** Exercise data follows **

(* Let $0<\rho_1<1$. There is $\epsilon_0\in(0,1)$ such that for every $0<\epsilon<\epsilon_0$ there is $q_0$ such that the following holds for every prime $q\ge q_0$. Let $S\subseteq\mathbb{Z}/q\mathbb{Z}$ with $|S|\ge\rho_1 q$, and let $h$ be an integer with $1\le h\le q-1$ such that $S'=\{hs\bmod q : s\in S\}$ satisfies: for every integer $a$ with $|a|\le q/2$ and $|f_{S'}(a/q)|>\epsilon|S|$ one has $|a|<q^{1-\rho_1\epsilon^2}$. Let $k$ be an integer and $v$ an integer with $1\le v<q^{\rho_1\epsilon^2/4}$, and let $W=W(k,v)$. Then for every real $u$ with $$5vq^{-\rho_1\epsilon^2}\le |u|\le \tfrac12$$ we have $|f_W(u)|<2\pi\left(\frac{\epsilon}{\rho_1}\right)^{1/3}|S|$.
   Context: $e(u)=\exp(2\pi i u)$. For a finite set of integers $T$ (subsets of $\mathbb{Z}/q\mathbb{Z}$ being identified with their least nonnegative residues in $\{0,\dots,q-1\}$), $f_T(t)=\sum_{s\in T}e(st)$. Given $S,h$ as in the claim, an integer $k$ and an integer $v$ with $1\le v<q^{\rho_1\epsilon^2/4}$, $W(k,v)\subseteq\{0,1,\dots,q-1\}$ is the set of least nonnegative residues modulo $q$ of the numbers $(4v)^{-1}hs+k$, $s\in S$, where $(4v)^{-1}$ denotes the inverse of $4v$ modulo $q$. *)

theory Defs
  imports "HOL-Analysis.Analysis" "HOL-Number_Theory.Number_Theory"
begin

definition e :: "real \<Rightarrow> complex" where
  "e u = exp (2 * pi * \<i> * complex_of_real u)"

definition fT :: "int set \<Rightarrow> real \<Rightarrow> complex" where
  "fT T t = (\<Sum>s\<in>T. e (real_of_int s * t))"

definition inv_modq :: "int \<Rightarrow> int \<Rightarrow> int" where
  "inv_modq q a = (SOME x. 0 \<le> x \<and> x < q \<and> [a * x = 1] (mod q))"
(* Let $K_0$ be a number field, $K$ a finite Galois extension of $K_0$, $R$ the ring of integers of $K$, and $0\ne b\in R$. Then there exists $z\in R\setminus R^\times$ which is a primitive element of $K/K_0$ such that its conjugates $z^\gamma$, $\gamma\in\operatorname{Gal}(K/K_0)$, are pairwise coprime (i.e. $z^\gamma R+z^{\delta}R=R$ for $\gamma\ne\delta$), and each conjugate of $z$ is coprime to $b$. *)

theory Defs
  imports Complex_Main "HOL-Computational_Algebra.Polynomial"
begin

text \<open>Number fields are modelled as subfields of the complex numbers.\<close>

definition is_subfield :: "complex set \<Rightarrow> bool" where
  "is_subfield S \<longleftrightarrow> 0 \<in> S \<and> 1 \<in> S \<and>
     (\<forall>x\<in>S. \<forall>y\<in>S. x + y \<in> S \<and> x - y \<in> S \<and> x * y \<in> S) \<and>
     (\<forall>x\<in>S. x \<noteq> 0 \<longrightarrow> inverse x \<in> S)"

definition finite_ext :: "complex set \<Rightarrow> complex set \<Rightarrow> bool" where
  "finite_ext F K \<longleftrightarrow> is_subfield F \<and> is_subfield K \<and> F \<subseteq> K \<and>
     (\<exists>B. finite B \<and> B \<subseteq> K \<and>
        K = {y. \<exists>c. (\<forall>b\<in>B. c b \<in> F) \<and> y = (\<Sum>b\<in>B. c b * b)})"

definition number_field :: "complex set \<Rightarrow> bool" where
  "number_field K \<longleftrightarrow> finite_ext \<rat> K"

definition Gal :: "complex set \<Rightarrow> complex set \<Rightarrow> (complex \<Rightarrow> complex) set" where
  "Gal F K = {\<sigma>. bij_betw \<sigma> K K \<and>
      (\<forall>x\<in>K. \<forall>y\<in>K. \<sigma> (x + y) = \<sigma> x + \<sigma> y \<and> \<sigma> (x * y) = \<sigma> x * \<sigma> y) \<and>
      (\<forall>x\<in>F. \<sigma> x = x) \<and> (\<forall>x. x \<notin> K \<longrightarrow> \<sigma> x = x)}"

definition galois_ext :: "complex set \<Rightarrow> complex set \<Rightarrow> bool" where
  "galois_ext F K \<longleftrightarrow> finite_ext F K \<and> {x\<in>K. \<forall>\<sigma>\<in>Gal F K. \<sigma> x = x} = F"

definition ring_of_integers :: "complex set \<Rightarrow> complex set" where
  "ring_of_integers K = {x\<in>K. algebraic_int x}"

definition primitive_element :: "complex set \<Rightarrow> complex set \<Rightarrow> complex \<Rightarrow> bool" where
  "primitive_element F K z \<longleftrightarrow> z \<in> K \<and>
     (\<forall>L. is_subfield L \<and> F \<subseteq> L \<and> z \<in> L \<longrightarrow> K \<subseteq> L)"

** End of Exercise data **
** Exercise data follows **

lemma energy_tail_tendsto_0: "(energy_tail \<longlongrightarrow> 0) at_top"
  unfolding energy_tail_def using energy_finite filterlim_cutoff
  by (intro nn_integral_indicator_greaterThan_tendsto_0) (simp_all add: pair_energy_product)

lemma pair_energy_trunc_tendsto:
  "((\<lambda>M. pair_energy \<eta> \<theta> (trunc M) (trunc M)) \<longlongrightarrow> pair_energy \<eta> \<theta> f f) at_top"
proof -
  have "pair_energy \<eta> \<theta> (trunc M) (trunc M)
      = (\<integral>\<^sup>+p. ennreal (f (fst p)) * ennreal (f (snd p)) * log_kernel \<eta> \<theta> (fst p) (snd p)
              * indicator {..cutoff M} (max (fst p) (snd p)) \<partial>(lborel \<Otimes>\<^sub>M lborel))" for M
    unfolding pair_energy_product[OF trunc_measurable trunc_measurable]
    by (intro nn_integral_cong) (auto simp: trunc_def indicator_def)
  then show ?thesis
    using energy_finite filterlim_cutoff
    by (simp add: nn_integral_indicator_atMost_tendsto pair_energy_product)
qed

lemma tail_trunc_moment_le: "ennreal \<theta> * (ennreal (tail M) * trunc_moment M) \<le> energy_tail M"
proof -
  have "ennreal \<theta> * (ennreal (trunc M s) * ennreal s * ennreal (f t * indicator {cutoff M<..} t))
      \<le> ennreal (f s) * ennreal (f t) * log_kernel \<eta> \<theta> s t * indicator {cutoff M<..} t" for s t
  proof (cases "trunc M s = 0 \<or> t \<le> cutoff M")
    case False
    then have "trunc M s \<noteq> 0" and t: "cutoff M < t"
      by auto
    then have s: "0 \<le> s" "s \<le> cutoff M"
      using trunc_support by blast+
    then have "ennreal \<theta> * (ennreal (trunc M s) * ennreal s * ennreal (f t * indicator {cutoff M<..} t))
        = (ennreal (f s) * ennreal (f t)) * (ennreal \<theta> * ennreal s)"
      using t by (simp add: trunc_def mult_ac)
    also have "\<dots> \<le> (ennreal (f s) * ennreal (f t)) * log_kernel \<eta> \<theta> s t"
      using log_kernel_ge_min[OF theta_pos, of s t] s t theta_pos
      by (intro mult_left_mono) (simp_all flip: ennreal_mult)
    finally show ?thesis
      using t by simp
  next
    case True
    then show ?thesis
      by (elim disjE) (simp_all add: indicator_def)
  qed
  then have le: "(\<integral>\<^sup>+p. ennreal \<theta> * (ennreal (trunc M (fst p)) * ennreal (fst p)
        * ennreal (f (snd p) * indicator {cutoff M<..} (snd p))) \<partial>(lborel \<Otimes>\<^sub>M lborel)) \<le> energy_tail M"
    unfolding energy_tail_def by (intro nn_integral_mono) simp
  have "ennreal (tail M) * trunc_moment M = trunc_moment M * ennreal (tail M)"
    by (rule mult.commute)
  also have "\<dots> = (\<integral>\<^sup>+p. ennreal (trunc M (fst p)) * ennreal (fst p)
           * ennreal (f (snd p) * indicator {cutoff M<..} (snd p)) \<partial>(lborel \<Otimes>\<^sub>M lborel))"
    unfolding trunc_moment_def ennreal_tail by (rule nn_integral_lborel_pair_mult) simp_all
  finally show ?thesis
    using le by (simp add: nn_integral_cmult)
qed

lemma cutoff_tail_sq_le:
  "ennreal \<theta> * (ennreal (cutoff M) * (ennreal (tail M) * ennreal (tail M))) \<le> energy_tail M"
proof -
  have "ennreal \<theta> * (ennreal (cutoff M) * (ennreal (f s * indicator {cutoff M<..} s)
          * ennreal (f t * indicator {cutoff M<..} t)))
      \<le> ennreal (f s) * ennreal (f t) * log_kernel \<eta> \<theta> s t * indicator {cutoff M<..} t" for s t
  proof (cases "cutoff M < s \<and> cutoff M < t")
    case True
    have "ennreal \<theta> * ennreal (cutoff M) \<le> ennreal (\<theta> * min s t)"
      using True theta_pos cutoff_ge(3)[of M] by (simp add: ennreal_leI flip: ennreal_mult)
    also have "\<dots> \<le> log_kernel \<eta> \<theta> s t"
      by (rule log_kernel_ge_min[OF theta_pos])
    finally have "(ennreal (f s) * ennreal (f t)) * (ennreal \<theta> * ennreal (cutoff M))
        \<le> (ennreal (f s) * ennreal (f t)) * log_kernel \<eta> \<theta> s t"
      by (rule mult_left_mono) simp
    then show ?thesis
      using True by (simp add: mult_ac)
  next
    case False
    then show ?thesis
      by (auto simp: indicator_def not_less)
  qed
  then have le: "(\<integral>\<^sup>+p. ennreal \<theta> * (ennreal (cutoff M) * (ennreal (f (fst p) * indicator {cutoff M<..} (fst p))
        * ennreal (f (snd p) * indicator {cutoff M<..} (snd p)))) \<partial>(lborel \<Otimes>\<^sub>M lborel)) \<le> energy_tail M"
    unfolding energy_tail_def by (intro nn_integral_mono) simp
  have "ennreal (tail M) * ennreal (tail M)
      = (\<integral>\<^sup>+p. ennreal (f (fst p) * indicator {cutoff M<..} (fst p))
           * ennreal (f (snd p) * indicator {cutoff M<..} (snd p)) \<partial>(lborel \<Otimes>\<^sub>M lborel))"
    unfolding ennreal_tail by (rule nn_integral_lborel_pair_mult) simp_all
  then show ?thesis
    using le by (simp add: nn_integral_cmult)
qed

** End of Exercise data **

Task statement:
Which lines above include the word "sigma"? Return each one.

Your response:
  "Gal F K = {\<sigma>. bij_betw \<sigma> K K \<and>
      (\<forall>x\<in>K. \<forall>y\<in>K. \<sigma> (x + y) = \<sigma> x + \<sigma> y \<and> \<sigma> (x * y) = \<sigma> x * \<sigma> y) \<and>
      (\<forall>x\<in>F. \<sigma> x = x) \<and> (\<forall>x. x \<notin> K \<longrightarrow> \<sigma> x = x)}"
  "galois_ext F K \<longleftrightarrow> finite_ext F K \<and> {x\<in>K. \<forall>\<sigma>\<in>Gal F K. \<sigma> x = x} = F"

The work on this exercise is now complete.